> Dataset records
text \<open>
  Write \<open>H(\<mu>|\<pi>\<^sup>N) = \<Sum> \<mu> log \<mu> + N \<Sum> \<mu> U(L\<^sup>N) + log Z\<^sup>N\<close> and apply Gibbs' inequality twice.
  Comparing \<open>\<mu>\<close> with the type mixture \<open>q\<^sup>N\<close>, the average of the product measures \<open>\<nu>\<^sup>\<otimes>\<^sup>N\<close> over
  the at most \<open>(N+1)\<^sup>d\<close> (\<open>d = |X|\<close>) empirical measures \<open>\<nu>\<close>, which is a sub-probability satisfying
  \<open>q\<^sup>N(x) \<ge> (N+1)\<^sup>-\<^sup>d exp (N S(L\<^sup>N x))\<close> with \<open>S(\<nu>) = \<Sum> \<nu> log \<nu>\<close>, gives
  \<open>H(\<mu>|\<pi>\<^sup>N)/N \<ge> E\<^sub>\<mu> F(L\<^sup>N) - d log(N+1)/N + (log Z\<^sup>N)/N\<close>.
  Comparing \<open>\<nu>\<^sup>\<otimes>\<^sup>N\<close> with \<open>\<pi>\<^sup>N\<close> for a minimiser \<open>\<nu>\<close> of \<open>F\<close> gives
  \<open>(log Z\<^sup>N)/N \<ge> -F\<^sub>0 - (E\<^sub>\<nu>\<^sub>\<otimes>\<^sub>N U(L\<^sup>N) - U(\<nu>))\<close>, and the bracket vanishes as \<open>N \<rightarrow> \<infinity>\<close> because
  \<open>L\<^sup>N\<close> concentrates at \<open>\<nu>\<close> under \<open>\<nu>\<^sup>\<otimes>\<^sup>N\<close> (a variance bound) and \<open>U\<close> is continuous.
  Finally \<open>E\<^sub>\<mu> F(L\<^sup>N) \<rightarrow> \<integral> F dM\<close> by weak convergence, \<open>F\<close> being continuous on the simplex.
\<close>

section \<open>Probability vectors and configurations\<close>

lemma probvecsD:
  assumes "v \<in> probvecs"
  shows probvecs_nonneg: "0 \<le> v $ i" and probvecs_sum: "(\<Sum>i\<in>UNIV. v $ i) = 1"
  using assms unfolding probvecs_def by auto

lemma probvecs_le_1: "v \<in> probvecs \<Longrightarrow> v $ i \<le> 1"
  using member_le_sum[of i UNIV "\<lambda>i. v $ i"] by (simp add: probvecsD)

lemma closed_probvecs: "closed (probvecs :: (real^'x::finite) set)"
  unfolding probvecs_def
  by (intro closed_Collect_conj closed_Collect_all closed_Collect_le closed_Collect_eq continuous_intros)

lemma bounded_probvecs: "bounded (probvecs :: (real^'x::finite) set)"
proof -
  have "norm v \<le> 1" if "v \<in> probvecs" for v :: "real^'x"
    using norm_le_l1_cart[of v] probvecsD[OF that] by simp
  thus ?thesis unfolding bounded_iff by blast
qed

lemma compact_probvecs: "compact (probvecs :: (real^'x::finite) set)"
  using closed_probvecs bounded_probvecs by (simp add: compact_eq_bounded_closed)

lemma convex_probvecs: "convex (probvecs :: (real^'x::finite) set)"
  unfolding convex_def probvecs_def by (auto simp: sum.distrib sum_distrib_left[symmetric])

lemma probvecs_nonempty: "(probvecs :: (real^'x::finite) set) \<noteq> {}"
proof -
  have "(\<chi> i. 1 / real CARD('x)) \<in> (probvecs :: (real^'x) set)" unfolding probvecs_def by simp
  thus ?thesis by blast
qed

lemma finite_configs: "finite (configs N :: (nat \<Rightarrow> 'x::finite) set)"
  unfolding configs_def by (intro finite_PiE) auto

lemma configs_nonempty: "(configs N :: (nat \<Rightarrow> 'x::finite) set) \<noteq> {}"
  unfolding configs_def by (simp add: PiE_eq_empty_iff)

lemma sum_configs_prod:
  fixes w :: "nat \<Rightarrow> 'x::finite \<Rightarrow> real"
  shows "(\<Sum>x\<in>configs N. \<Prod>i<N. w i (x i)) = (\<Prod>i<N. \<Sum>s\<in>UNIV. w i s)"
  unfolding configs_def by (subst prod_sum_PiE) auto

definition occ :: "nat \<Rightarrow> (nat \<Rightarrow> 'x) \<Rightarrow> 'x \<Rightarrow> nat" where
  "occ N x y = card {i\<in>{..<N}. x i = y}"

lemma empirical_occ: "empirical N x $ y = real (occ N x y) / real N"
  unfolding empirical_def occ_def by simp

lemma sum_lessThan_occ:
  fixes h :: "'x::finite \<Rightarrow> real"
  shows "(\<Sum>i<N. h (x i)) = (\<Sum>y\<in>UNIV. real (occ N x y) * h y)"
proof -
  have "(\<Sum>i<N. h (x i)) = (\<Sum>i<N. \<Sum>y\<in>UNIV. if x i = y then h y else 0)"
    by (simp add: sum.delta)
  also have "\<dots> = (\<Sum>y\<in>UNIV. \<Sum>i<N. if x i = y then h y else 0)" by (rule sum.swap)
  also have "\<dots> = (\<Sum>y\<in>UNIV. real (occ N x y) * h y)"
    unfolding occ_def by (simp add: sum.If_cases Int_def)
  finally show ?thesis .
qed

> Work instruction
Exactly as they stand above, write out the entries.

> Output
text \<open>
  Write \<open>H(\<mu>|\<pi>\<^sup>N) = \<Sum> \<mu> log \<mu> + N \<Sum> \<mu> U(L\<^sup>N) + log Z\<^sup>N\<close> and apply Gibbs' inequality twice.
  Comparing \<open>\<mu>\<close> with the type mixture \<open>q\<^sup>N\<close>, the average of the product measures \<open>\<nu>\<^sup>\<otimes>\<^sup>N\<close> over
  the at most \<open>(N+1)\<^sup>d\<close> (\<open>d = |X|\<close>) empirical measures \<open>\<nu>\<close>, which is a sub-probability satisfying
  \<open>q\<^sup>N(x) \<ge> (N+1)\<^sup>-\<^sup>d exp (N S(L\<^sup>N x))\<close> with \<open>S(\<nu>) = \<Sum> \<nu> log \<nu>\<close>, gives
  \<open>H(\<mu>|\<pi>\<^sup>N)/N \<ge> E\<^sub>\<mu> F(L\<^sup>N) - d log(N+1)/N + (log Z\<^sup>N)/N\<close>.
  Comparing \<open>\<nu>\<^sup>\<otimes>\<^sup>N\<close> with \<open>\<pi>\<^sup>N\<close> for a minimiser \<open>\<nu>\<close> of \<open>F\<close> gives
  \<open>(log Z\<^sup>N)/N \<ge> -F\<^sub>0 - (E\<^sub>\<nu>\<^sub>\<otimes>\<^sub>N U(L\<^sup>N) - U(\<nu>))\<close>, and the bracket vanishes as \<open>N \<rightarrow> \<infinity>\<close> because
  \<open>L\<^sup>N\<close> concentrates at \<open>\<nu>\<close> under \<open>\<nu>\<^sup>\<otimes>\<^sup>N\<close> (a variance bound) and \<open>U\<close> is continuous.
  Finally \<open>E\<^sub>\<mu> F(L\<^sup>N) \<rightarrow> \<integral> F dM\<close> by weak convergence, \<open>F\<close> being continuous on the simplex.
\<close>

section \<open>Probability vectors and configurations\<close>

lemma probvecsD:
  assumes "v \<in> probvecs"
  shows probvecs_nonneg: "0 \<le> v $ i" and probvecs_sum: "(\<Sum>i\<in>UNIV. v $ i) = 1"
  using assms unfolding probvecs_def by auto

lemma probvecs_le_1: "v \<in> probvecs \<Longrightarrow> v $ i \<le> 1"
  using member_le_sum[of i UNIV "\<lambda>i. v $ i"] by (simp add: probvecsD)

lemma closed_probvecs: "closed (probvecs :: (real^'x::finite) set)"
  unfolding probvecs_def
  by (intro closed_Collect_conj closed_Collect_all closed_Collect_le closed_Collect_eq continuous_intros)

lemma bounded_probvecs: "bounded (probvecs :: (real^'x::finite) set)"
proof -
  have "norm v \<le> 1" if "v \<in> probvecs" for v :: "real^'x"
    using norm_le_l1_cart[of v] probvecsD[OF that] by simp
  thus ?thesis unfolding bounded_iff by blast
qed

lemma compact_probvecs: "compact (probvecs :: (real^'x::finite) set)"
  using closed_probvecs bounded_probvecs by (simp add: compact_eq_bounded_closed)

lemma convex_probvecs: "convex (probvecs :: (real^'x::finite) set)"
  unfolding convex_def probvecs_def by (auto simp: sum.distrib sum_distrib_left[symmetric])

lemma probvecs_nonempty: "(probvecs :: (real^'x::finite) set) \<noteq> {}"
proof -
  have "(\<chi> i. 1 / real CARD('x)) \<in> (probvecs :: (real^'x) set)" unfolding probvecs_def by simp
  thus ?thesis by blast
qed

lemma finite_configs: "finite (configs N :: (nat \<Rightarrow> 'x::finite) set)"
  unfolding configs_def by (intro finite_PiE) auto

lemma configs_nonempty: "(configs N :: (nat \<Rightarrow> 'x::finite) set) \<noteq> {}"
  unfolding configs_def by (simp add: PiE_eq_empty_iff)

lemma sum_configs_prod:
  fixes w :: "nat \<Rightarrow> 'x::finite \<Rightarrow> real"
  shows "(\<Sum>x\<in>configs N. \<Prod>i<N. w i (x i)) = (\<Prod>i<N. \<Sum>s\<in>UNIV. w i s)"
  unfolding configs_def by (subst prod_sum_PiE) auto

definition occ :: "nat \<Rightarrow> (nat \<Rightarrow> 'x) \<Rightarrow> 'x \<Rightarrow> nat" where
  "occ N x y = card {i\<in>{..<N}. x i = y}"

lemma empirical_occ: "empirical N x $ y = real (occ N x y) / real N"
  unfolding empirical_def occ_def by simp

lemma sum_lessThan_occ:
  fixes h :: "'x::finite \<Rightarrow> real"
  shows "(\<Sum>i<N. h (x i)) = (\<Sum>y\<in>UNIV. real (occ N x y) * h y)"
proof -
  have "(\<Sum>i<N. h (x i)) = (\<Sum>i<N. \<Sum>y\<in>UNIV. if x i = y then h y else 0)"
    by (simp add: sum.delta)
  also have "\<dots> = (\<Sum>y\<in>UNIV. \<Sum>i<N. if x i = y then h y else 0)" by (rule sum.swap)
  also have "\<dots> = (\<Sum>y\<in>UNIV. real (occ N x y) * h y)"
    unfolding occ_def by (simp add: sum.If_cases Int_def)
  finally show ?thesis .
qed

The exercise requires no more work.